*Stored data:*
_____

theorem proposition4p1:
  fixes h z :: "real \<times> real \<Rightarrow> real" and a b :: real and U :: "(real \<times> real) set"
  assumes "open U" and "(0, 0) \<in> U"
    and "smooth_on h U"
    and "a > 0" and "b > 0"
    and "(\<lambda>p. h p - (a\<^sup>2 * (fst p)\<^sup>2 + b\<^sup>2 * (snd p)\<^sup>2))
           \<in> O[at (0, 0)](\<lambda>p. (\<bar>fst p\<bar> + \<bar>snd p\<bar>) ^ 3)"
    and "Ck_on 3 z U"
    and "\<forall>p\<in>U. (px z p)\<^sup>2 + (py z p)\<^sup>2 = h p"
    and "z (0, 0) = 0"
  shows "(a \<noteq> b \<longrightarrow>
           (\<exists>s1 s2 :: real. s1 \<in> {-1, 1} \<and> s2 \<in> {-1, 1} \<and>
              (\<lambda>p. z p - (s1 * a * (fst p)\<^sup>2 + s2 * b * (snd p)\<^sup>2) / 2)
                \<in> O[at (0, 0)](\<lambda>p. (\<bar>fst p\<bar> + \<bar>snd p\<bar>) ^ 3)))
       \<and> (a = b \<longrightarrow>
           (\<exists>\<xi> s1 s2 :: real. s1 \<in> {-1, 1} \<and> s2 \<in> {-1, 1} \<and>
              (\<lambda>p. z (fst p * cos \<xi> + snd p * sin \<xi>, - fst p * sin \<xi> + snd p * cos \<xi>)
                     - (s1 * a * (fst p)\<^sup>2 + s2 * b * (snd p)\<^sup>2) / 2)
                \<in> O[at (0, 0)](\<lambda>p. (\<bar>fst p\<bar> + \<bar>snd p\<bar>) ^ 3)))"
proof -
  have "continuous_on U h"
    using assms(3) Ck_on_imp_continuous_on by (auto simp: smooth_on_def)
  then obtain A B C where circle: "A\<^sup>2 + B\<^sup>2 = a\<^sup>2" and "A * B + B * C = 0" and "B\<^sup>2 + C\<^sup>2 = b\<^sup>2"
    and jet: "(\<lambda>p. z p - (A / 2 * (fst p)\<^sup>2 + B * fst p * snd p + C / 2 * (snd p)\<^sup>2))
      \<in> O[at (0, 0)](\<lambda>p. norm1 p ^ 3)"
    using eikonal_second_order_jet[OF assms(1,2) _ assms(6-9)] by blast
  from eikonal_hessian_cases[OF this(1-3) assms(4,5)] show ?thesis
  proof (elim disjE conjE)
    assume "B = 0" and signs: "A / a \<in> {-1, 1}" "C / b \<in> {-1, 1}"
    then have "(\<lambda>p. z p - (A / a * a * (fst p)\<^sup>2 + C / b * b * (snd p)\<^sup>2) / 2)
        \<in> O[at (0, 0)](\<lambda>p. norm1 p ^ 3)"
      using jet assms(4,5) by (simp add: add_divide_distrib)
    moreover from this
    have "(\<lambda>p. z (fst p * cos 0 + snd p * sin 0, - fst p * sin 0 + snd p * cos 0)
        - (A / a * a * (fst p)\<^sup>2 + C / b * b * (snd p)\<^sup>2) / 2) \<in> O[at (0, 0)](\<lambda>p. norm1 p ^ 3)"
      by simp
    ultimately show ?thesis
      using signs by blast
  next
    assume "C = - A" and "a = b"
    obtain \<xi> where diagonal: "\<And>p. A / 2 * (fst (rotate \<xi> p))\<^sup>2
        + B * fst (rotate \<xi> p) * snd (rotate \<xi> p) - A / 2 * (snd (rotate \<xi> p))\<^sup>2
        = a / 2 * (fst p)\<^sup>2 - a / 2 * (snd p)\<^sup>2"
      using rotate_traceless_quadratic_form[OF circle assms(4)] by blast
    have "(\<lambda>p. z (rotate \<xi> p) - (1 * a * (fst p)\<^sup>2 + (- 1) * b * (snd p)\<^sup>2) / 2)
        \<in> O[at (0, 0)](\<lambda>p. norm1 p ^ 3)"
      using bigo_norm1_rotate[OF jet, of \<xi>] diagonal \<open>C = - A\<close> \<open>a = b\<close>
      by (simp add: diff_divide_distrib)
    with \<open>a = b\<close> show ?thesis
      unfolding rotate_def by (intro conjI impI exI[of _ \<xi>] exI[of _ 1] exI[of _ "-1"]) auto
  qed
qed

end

_____

*REQUIRED WORK:*
Filter the data above, keeping only lines that include the string "where".

*REPLY:*
  then obtain A B C where circle: "A\<^sup>2 + B\<^sup>2 = a\<^sup>2" and "A * B + B * C = 0" and "B\<^sup>2 + C\<^sup>2 = b\<^sup>2"
    obtain \<xi> where diagonal: "\<And>p. A / 2 * (fst (rotate \<xi> p))\<^sup>2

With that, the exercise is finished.